Medien machen im Lokalen - der Journalismus erfindet sich neu

03.06.2022

Medien machen im Lokalen - aber wie? Diskussion in Bautzen. Foto: Bernd Seydel

Was macht ein Ostfriese an der polnisch-ukrainischen Grenze? Was sich nach einem Ostfriesenwitz anhört, ist in Wirklichkeit ein Zeichen von neuen Richtungsentscheidungen in Lokalmedien. „Wir wollen weg vom Terminjournalismus, hin zu Hintergrundgeschichten“, meint Claus Arne Hock, Redakteur bei der Ostfriesen-Zeitung in Leer. „Aktuelles gibt es auch kostenlos überall im Internet, aber gut recherchierte Geschichten nur in der Zeitung“. Aufhänger für die Arbeit fern der Heimat und nah am Konflikt waren die Hilfstransporte aus Ostfriesland in die Ukraine.
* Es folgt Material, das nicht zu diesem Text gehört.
(* Let $L\subseteq\mathbb{Z}^{(\mathbb{N})}$ be a $\mathrm{Sym}$-invariant lattice, and suppose $\mathcal{H}$ is a finite equivariant Hilbert basis of the monoid $M=L\cap\mathbb{Z}_{\ge0}^{(\mathbb{N})}$. Let $g_L=\gcd(u_i\mid\mathbf{u}=(u_i)_{i\in\mathbb{N}}\in L,\ i\in\mathbb{N})$ and $\mathbf{g}_L=g_L(\mathbf{e}_1-\mathbf{e}_2)$. Then $L$ has a finite equivariant Graver basis $\mathcal{G}$ with $\pm\mathcal{H}\subseteq\mathcal{G}\subseteq\pm\mathcal{H}\cup\{\pm\mathbf{g}_L\}$.
   Context: $\mathbb{N}=\{1,2,\dots\}$. $\mathbb{Z}^{(\mathbb{N})}$ is the group of finitely supported integer sequences with standard basis $\mathbf{e}_i$, $\mathbb{Z}_{\ge0}^{(\mathbb{N})}$ its nonnegative elements; a lattice is a subgroup. $\mathrm{Sym}$ is the group of permutations of $\mathbb{N}$ fixing all but finitely many points, acting by $\sigma(\mathbf{e}_i)=\mathbf{e}_{\sigma(i)}$. With $\mathbf{u}\sqsubseteq\mathbf{v}$ iff $u_iv_i\ge0$ and $|u_i|\le|v_i|$ for all $i$, the Graver basis of $L$ is the set of $\sqsubseteq$-minimal elements of $L\setminus\{\mathbf{0}\}$; $\mathcal{G}$ is an equivariant Graver basis if $\mathrm{Sym}(\mathcal{G})=\{\sigma(\mathbf{g})\mid\sigma\in\mathrm{Sym},\mathbf{g}\in\mathcal{G}\}$ is the Graver basis. A Hilbert basis of a monoid is a minimal generating set (w.r.t. $\mathbb{Z}_{\ge0}$-combinations); $\mathcal{H}$ is an equivariant Hilbert basis of a $\mathrm{Sym}$-invariant monoid $M$ if $\mathrm{Sym}(\mathcal{H})$ is a Hilbert basis of $M$. $\pm A=A\cup(-A)$. *)

theory Defs
  imports Main "HOL-Library.Function_Algebras"
begin

text \<open>Elements of Z^(N) (N = {1,2,...}) are represented as functions nat => int
  with finite support contained in {1,2,...} (value 0 at index 0).\<close>

definition fsupp :: "(nat \<Rightarrow> int) set" where
  "fsupp = {u. finite {i. u i \<noteq> 0} \<and> u 0 = 0}"

definition nonneg_fsupp :: "(nat \<Rightarrow> int) set" where
  "nonneg_fsupp = {u \<in> fsupp. \<forall>i. u i \<ge> 0}"

definition unitvec :: "nat \<Rightarrow> nat \<Rightarrow> int" ("\<e>") where
  "unitvec i = (\<lambda>j. if j = i then 1 else 0)"

definition is_lattice :: "(nat \<Rightarrow> int) set \<Rightarrow> bool" where
  "is_lattice L \<longleftrightarrow> L \<subseteq> fsupp \<and> 0 \<in> L \<and>
     (\<forall>u\<in>L. \<forall>v\<in>L. u + v \<in> L) \<and> (\<forall>u\<in>L. - u \<in> L)"

definition Sym :: "(nat \<Rightarrow> nat) set" where
  "Sym = {\<sigma>. bij \<sigma> \<and> \<sigma> 0 = 0 \<and> finite {i. \<sigma> i \<noteq> i}}"

text \<open>Action sigma(e_i) = e_(sigma i), i.e. (sigma u)(sigma i) = u i.\<close>
definition act :: "(nat \<Rightarrow> nat) \<Rightarrow> (nat \<Rightarrow> int) \<Rightarrow> (nat \<Rightarrow> int)" where
  "act \<sigma> u = u \<circ> inv \<sigma>"

definition sym_invariant :: "(nat \<Rightarrow> int) set \<Rightarrow> bool" where
  "sym_invariant A \<longleftrightarrow> (\<forall>\<sigma>\<in>Sym. \<forall>u\<in>A. act \<sigma> u \<in> A)"

definition orbit :: "(nat \<Rightarrow> int) set \<Rightarrow> (nat \<Rightarrow> int) set" where
  "orbit A = {act \<sigma> g | \<sigma> g. \<sigma> \<in> Sym \<and> g \<in> A}"

definition conformal :: "(nat \<Rightarrow> int) \<Rightarrow> (nat \<Rightarrow> int) \<Rightarrow> bool" (infix "\<sqsubseteq>" 50) where
  "u \<sqsubseteq> v \<longleftrightarrow> (\<forall>i. u i * v i \<ge> 0 \<and> \<bar>u i\<bar> \<le> \<bar>v i\<bar>)"

definition graver_basis :: "(nat \<Rightarrow> int) set \<Rightarrow> (nat \<Rightarrow> int) set" where
  "graver_basis L = {u \<in> L - {0}. \<forall>v \<in> L - {0}. v \<sqsubseteq> u \<longrightarrow> v = u}"

definition equivariant_graver_basis :: "(nat \<Rightarrow> int) set \<Rightarrow> (nat \<Rightarrow> int) set \<Rightarrow> bool" where
  "equivariant_graver_basis L G \<longleftrightarrow> orbit G = graver_basis L"

inductive_set gen_monoid :: "(nat \<Rightarrow> int) set \<Rightarrow> (nat \<Rightarrow> int) set" for S where
  zero: "0 \<in> gen_monoid S"
| add: "s \<in> S \<Longrightarrow> x \<in> gen_monoid S \<Longrightarrow> s + x \<in> gen_monoid S"

definition hilbert_basis :: "(nat \<Rightarrow> int) set \<Rightarrow> (nat \<Rightarrow> int) set \<Rightarrow> bool" where
  "hilbert_basis M H \<longleftrightarrow> gen_monoid H = M \<and> (\<forall>h\<in>H. gen_monoid (H - {h}) \<noteq> M)"

definition equivariant_hilbert_basis :: "(nat \<Rightarrow> int) set \<Rightarrow> (nat \<Rightarrow> int) set \<Rightarrow> bool" where
  "equivariant_hilbert_basis M H \<longleftrightarrow> hilbert_basis M (orbit H)"

definition pm :: "(nat \<Rightarrow> int) set \<Rightarrow> (nat \<Rightarrow> int) set" where
  "pm A = A \<union> uminus ` A"

definition gcd_lattice :: "(nat \<Rightarrow> int) set \<Rightarrow> int" where
  "gcd_lattice L = Gcd {u i | u i. u \<in> L \<and> i \<ge> 1}"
Der Reporter schlug dem Chefredakteur vor, einen Transport journalistisch zu begleiten – und erhielt tatsächlich die Genehmigung. Mit dem gemieteten Wohnmobil und einer Kollegin ging es dann auf die Reise. An der Grenze, in den Flüchtlingslagern lief die Recherche mit Interviews, Fotos, Videos. Fünf Tage lang. Nicht nur mit den ostfriesischen Helfern, sondern allen Akteuren vor Ort: Flüchtlingen, Helfern, Offiziellen.

Neue Wege im Lokalen waren das Thema auf einer DJV-Tagung im Rahmen der Konferenzserie „Journalismus im Hinterland“, auf der vom 31. Mai bis 1. Juni Journalistinnen und Journalisten im ostsächsischen Bautzen konferierten.   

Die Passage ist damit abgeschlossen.